Top of Material shown

(* Let $M$ be a duplicial module in a pre-additive category. For all $n\ge0$, $$\pi_n=\kappa_n^n-b_{n+1}\kappa_{n+1}^n d_n .$$
   Context: Let $\mathcal A$ be a pre-additive category. Let $\Lambda_+$ be the category with objects $[n]$, $n\ge0$, where $\Lambda_+([m],[n])$ is the set of weakly monotone $f:\mathbb Z\to\mathbb Z$ with $f(j+m+1)=f(j)+n+1$ for all $j$ and $f(0)\ge0$. Define $\varepsilon^n_i:[n-1]\to[n]$ ($n\ge1$, $0\le i\le n$) by $\varepsilon^n_i(j)=j$ for $0\le j<i$, $j+1$ for $i\le j\le n-1$, and $\eta^n_i:[n+1]\to[n]$ ($0\le i\le n+1$) by $\eta^n_i(j)=j$ for $0\le j\le i$, $j-1$ for $i<j\le n+1$. A duplicial module is a functor $M:\Lambda_+^{op}\to\mathcal A$; $M_n=M([n])$, $\partial_{n,i}=M(\varepsilon^n_i):M_n\to M_{n-1}$, $s_{n,i}=M(\eta^n_i):M_n\to M_{n+1}$. Convention $M_{-1}=0$, maps into/out of it zero. Define $b_n=\sum_{i=0}^n(-1)^i\partial_{n,i}$ ($b_0=0$), $d_n=\sum_{i=0}^{n+1}(-1)^is_{n,i}$, the Karoubi operator $\kappa_n=(-1)^n(\partial_{n+1,0}s_{n,n+1}-s_{n-1,n}\partial_{n,0})$ (so $\kappa_0=\partial_{1,0}s_{0,1}$), and the Dwyer–Kan operator $\pi_n=(-1)^n\partial_{n+1,0}\kappa_{n+1}^n s_{n,n+1}:M_n\to M_n$. *)

theory Defs
  imports Main
begin

record ('o, 'm) preadd_cat =
  Obj   :: "'o set"
  Hom   :: "'o \<Rightarrow> 'o \<Rightarrow> 'm set"
  comp  :: "'m \<Rightarrow> 'm \<Rightarrow> 'm"      (* comp g f = g after f *)
  ident :: "'o \<Rightarrow> 'm"
  zer   :: "'o \<Rightarrow> 'o \<Rightarrow> 'm"
  add   :: "'m \<Rightarrow> 'm \<Rightarrow> 'm"
  neg   :: "'m \<Rightarrow> 'm"

definition preadditive :: "('o, 'm) preadd_cat \<Rightarrow> bool" where
  "preadditive C \<longleftrightarrow>
     (\<forall>a b a' b'. a \<in> Obj C \<longrightarrow> b \<in> Obj C \<longrightarrow> a' \<in> Obj C \<longrightarrow> b' \<in> Obj C \<longrightarrow>
         Hom C a b \<inter> Hom C a' b' \<noteq> {} \<longrightarrow> a = a' \<and> b = b') \<and>
     (\<forall>a. a \<in> Obj C \<longrightarrow> ident C a \<in> Hom C a a) \<and>
     (\<forall>a b c f g. a \<in> Obj C \<longrightarrow> b \<in> Obj C \<longrightarrow> c \<in> Obj C \<longrightarrow>
         f \<in> Hom C a b \<longrightarrow> g \<in> Hom C b c \<longrightarrow> comp C g f \<in> Hom C a c) \<and>
     (\<forall>a b c d f g h. a \<in> Obj C \<longrightarrow> b \<in> Obj C \<longrightarrow> c \<in> Obj C \<longrightarrow> d \<in> Obj C \<longrightarrow>
         f \<in> Hom C a b \<longrightarrow> g \<in> Hom C b c \<longrightarrow> h \<in> Hom C c d \<longrightarrow>
         comp C h (comp C g f) = comp C (comp C h g) f) \<and>
     (\<forall>a b f. a \<in> Obj C \<longrightarrow> b \<in> Obj C \<longrightarrow> f \<in> Hom C a b \<longrightarrow>
         comp C (ident C b) f = f \<and> comp C f (ident C a) = f) \<and>
     (\<forall>a b. a \<in> Obj C \<longrightarrow> b \<in> Obj C \<longrightarrow>
         zer C a b \<in> Hom C a b \<and>
         (\<forall>f g. f \<in> Hom C a b \<longrightarrow> g \<in> Hom C a b \<longrightarrow> add C f g \<in> Hom C a b) \<and>
         (\<forall>f. f \<in> Hom C a b \<longrightarrow> neg C f \<in> Hom C a b) \<and>
         (\<forall>f g h. f \<in> Hom C a b \<longrightarrow> g \<in> Hom C a b \<longrightarrow> h \<in> Hom C a b \<longrightarrow>
             add C (add C f g) h = add C f (add C g h)) \<and>
         (\<forall>f g. f \<in> Hom C a b \<longrightarrow> g \<in> Hom C a b \<longrightarrow> add C f g = add C g f) \<and>
         (\<forall>f. f \<in> Hom C a b \<longrightarrow> add C (zer C a b) f = f) \<and>
         (\<forall>f. f \<in> Hom C a b \<longrightarrow> add C (neg C f) f = zer C a b)) \<and>
     (\<forall>a b c f f' g. a \<in> Obj C \<longrightarrow> b \<in> Obj C \<longrightarrow> c \<in> Obj C \<longrightarrow>
         f \<in> Hom C a b \<longrightarrow> f' \<in> Hom C a b \<longrightarrow> g \<in> Hom C b c \<longrightarrow>
         comp C g (add C f f') = add C (comp C g f) (comp C g f')) \<and>
     (\<forall>a b c f g g'. a \<in> Obj C \<longrightarrow> b \<in> Obj C \<longrightarrow> c \<in> Obj C \<longrightarrow>
         f \<in> Hom C a b \<longrightarrow> g \<in> Hom C b c \<longrightarrow> g' \<in> Hom C b c \<longrightarrow>
         comp C (add C g g') f = add C (comp C g f) (comp C g' f))"

text \<open>Morphisms [m] -> [n]: weakly monotone f : int -> int with
  f(j+m+1) = f(j)+n+1 and f(0) >= 0; composition is function composition.\<close>

definition lam_hom :: "nat \<Rightarrow> nat \<Rightarrow> (int \<Rightarrow> int) \<Rightarrow> bool" where
  "lam_hom m n f \<longleftrightarrow> mono f \<and> (\<forall>j. f (j + int m + 1) = f j + int n + 1) \<and> f 0 \<ge> 0"

definition per_ext :: "nat \<Rightarrow> nat \<Rightarrow> (int \<Rightarrow> int) \<Rightarrow> int \<Rightarrow> int" where
  "per_ext m n g j = g (j mod (int m + 1)) + (j div (int m + 1)) * (int n + 1)"

definition eps :: "nat \<Rightarrow> nat \<Rightarrow> int \<Rightarrow> int" where
  "eps n i = per_ext (n - 1) n (\<lambda>j. if j < int i then j else j + 1)"

definition eta :: "nat \<Rightarrow> nat \<Rightarrow> int \<Rightarrow> int" where
  "eta n i = per_ext (n + 1) n (\<lambda>j. if j \<le> int i then j else j - 1)"

text \<open>A duplicial module is a functor Lambda_+^op -> C: objects M n, and
  Mm m n f = M(f) : M n -> M m for f : [m] -> [n].\<close>

definition duplicial :: "('o, 'm) preadd_cat \<Rightarrow> (nat \<Rightarrow> 'o) \<Rightarrow>
    (nat \<Rightarrow> nat \<Rightarrow> (int \<Rightarrow> int) \<Rightarrow> 'm) \<Rightarrow> bool" where
  "duplicial C M Mm \<longleftrightarrow>
     (\<forall>n. M n \<in> Obj C) \<and>
     (\<forall>m n f. lam_hom m n f \<longrightarrow> Mm m n f \<in> Hom C (M n) (M m)) \<and>
     (\<forall>n. Mm n n id = ident C (M n)) \<and>
     (\<forall>l m n f g. lam_hom l m f \<longrightarrow> lam_hom m n g \<longrightarrow>
         Mm l n (g \<circ> f) = comp C (Mm l m f) (Mm m n g))"

definition face where "face C M Mm n i = Mm (n - 1) n (eps n i)"
definition degen where "degen C M Mm n i = Mm (n + 1) n (eta n i)"

definition sgnm :: "('o, 'm) preadd_cat \<Rightarrow> nat \<Rightarrow> 'm \<Rightarrow> 'm" where
  "sgnm C i x = (if even i then x else neg C x)"

fun hsum :: "('o, 'm) preadd_cat \<Rightarrow> 'o \<Rightarrow> 'o \<Rightarrow> (nat \<Rightarrow> 'm) \<Rightarrow> nat \<Rightarrow> 'm" where
  "hsum C a b f 0 = zer C a b"
| "hsum C a b f (Suc k) = add C (hsum C a b f k) (f k)"

fun mpow :: "('o, 'm) preadd_cat \<Rightarrow> 'o \<Rightarrow> 'm \<Rightarrow> nat \<Rightarrow> 'm" where
  "mpow C a f 0 = ident C a"
| "mpow C a f (Suc k) = comp C f (mpow C a f k)"

text \<open>b_n = sum_{i=0}^n (-1)^i \<partial>_{n,i} : M_n -> M_{n-1} (used for n >= 1).\<close>
definition bdry where
  "bdry C M Mm n = hsum C (M n) (M (n - 1)) (\<lambda>i. sgnm C i (face C M Mm n i)) (Suc n)"

definition dcob where
  "dcob C M Mm n = hsum C (M n) (M (n + 1)) (\<lambda>i. sgnm C i (degen C M Mm n i)) (Suc (Suc n))"

text \<open>Karoubi operator; the term through M_{-1} = 0 vanishes for n = 0.\<close>
definition karoubi where
  "karoubi C M Mm n = sgnm C n
     (if n = 0 then comp C (face C M Mm 1 0) (degen C M Mm 0 1)
      else add C (comp C (face C M Mm (n + 1) 0) (degen C M Mm n (n + 1)))
                 (neg C (comp C (degen C M Mm (n - 1) n) (face C M Mm n 0))))"

definition dwyer_kan where
  "dwyer_kan C M Mm n = sgnm C n
     (comp C (face C M Mm (n + 1) 0)
        (comp C (mpow C (M (n + 1)) (karoubi C M Mm (n + 1)) n) (degen C M Mm n (n + 1))))"

end

theory Submission
  imports Defs
begin

text \<open>
  The Karoubi operator anticommutes with degeneracies and faces up to an index shift:
  \<kappa> s_j = -s_{j-1} \<kappa> and \<partial>_i \<kappa> = -\<kappa> \<partial>_{i+1} in the inner range, while \<kappa> s_0 = 0 and
  \<partial>_{n+1} \<kappa>_{n+1} = 0. Iterating, \<kappa>_{n+1}^n kills s_0, ..., s_{n-1} and turns s_n into
  \<plusminus>s_0 \<kappa>_n^n, so only two terms of \<kappa>_{n+1}^n d_n survive. Dually \<partial>_i \<kappa>_{n+1}^n = 0 for i \<ge> 2
  and \<partial>_1 \<kappa>_{n+1}^n = \<plusminus>\<kappa>_n^n \<partial>_{n+1}, so only \<partial>_0 and \<partial>_1 contribute to b_{n+1}.
  Since \<partial>_0 s_0 = \<partial>_1 s_0 = id, the s_0-term is killed by b_{n+1}; since \<partial>_{n+1} s_{n+1} = id,
  the other term yields \<kappa>_n^n - \<pi>_n.
\<close>

section \<open>Morphisms of \<open>\<Lambda>\<^sub>+\<close>\<close>

lemma per_ext_shift: "per_ext m n h (j + int m + 1) = per_ext m n h j + int n + 1"
proof -
  have "(j + int m + 1) mod (int m + 1) = j mod (int m + 1)"
    by (metis add.assoc mod_add_self2)
  moreover have "(j + int m + 1) div (int m + 1) = j div (int m + 1) + 1"
    by (metis add.assoc div_add_self2 add_nonneg_pos of_nat_0_le_iff zero_less_one less_irrefl)
  ultimately show ?thesis
    unfolding per_ext_def by (simp add: algebra_simps)
qed

lemma lam_hom_per_ext:
  assumes mono_on_period: "\<And>x y. 0 \<le> x \<Longrightarrow> x \<le> y \<Longrightarrow> y \<le> int m \<Longrightarrow> h x \<le> h y"
    and wrap: "h (int m) \<le> h 0 + int n + 1" and nonneg: "0 \<le> h 0"
  shows "lam_hom m n (per_ext m n h)"
  unfolding lam_hom_def
proof (intro conjI allI monoI)
  fix x y :: int
  assume "x \<le> y"
  define p where "p = int m + 1"
  have p: "p > 0" by (simp add: p_def)
  have rx: "0 \<le> x mod p" "x mod p \<le> int m" and ry: "0 \<le> y mod p" "y mod p \<le> int m"
    using pos_mod_bound[OF p] pos_mod_sign[OF p] by (auto simp: p_def)
  have qxy: "x div p \<le> y div p"
    using \<open>x \<le> y\<close> p by (simp add: zdiv_mono1)
  have px: "per_ext m n h x = h (x mod p) + x div p * (int n + 1)"
    and py: "per_ext m n h y = h (y mod p) + y div p * (int n + 1)"
    by (simp_all add: per_ext_def p_def)
  show "per_ext m n h x \<le> per_ext m n h y"
  proof (cases "x div p = y div p")
    case True
    then have "x mod p - y mod p = x - y"
      by (simp flip: minus_div_mult_eq_mod)
    then have "x mod p \<le> y mod p"
      using \<open>x \<le> y\<close> by linarith
    then show ?thesis using px py True mono_on_period rx ry by simp
  next
    case False
    then have "(x div p + 1) * (int n + 1) \<le> y div p * (int n + 1)"
      using qxy by (intro mult_right_mono) simp_all
    moreover have "h (x mod p) \<le> h (int m)" "h 0 \<le> h (y mod p)"
      using mono_on_period rx ry by simp_all
    ultimately show ?thesis using px py wrap by (simp add: algebra_simps)
  qed
next
  show "per_ext m n h (j + int m + 1) = per_ext m n h j + int n + 1" for j
    by (rule per_ext_shift)
  show "0 \<le> per_ext m n h 0"
    using nonneg by (simp add: per_ext_def)
qed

Bottom of Material shown

§ Problem details:
For this exercise, find all lines in the records containing the word "longleftrightarrow" and copy them.

§ Final answer:
  "preadditive C \<longleftrightarrow>
  "lam_hom m n f \<longleftrightarrow> mono f \<and> (\<forall>j. f (j + int m + 1) = f j + int n + 1) \<and> f 0 \<ge> 0"
  "duplicial C M Mm \<longleftrightarrow>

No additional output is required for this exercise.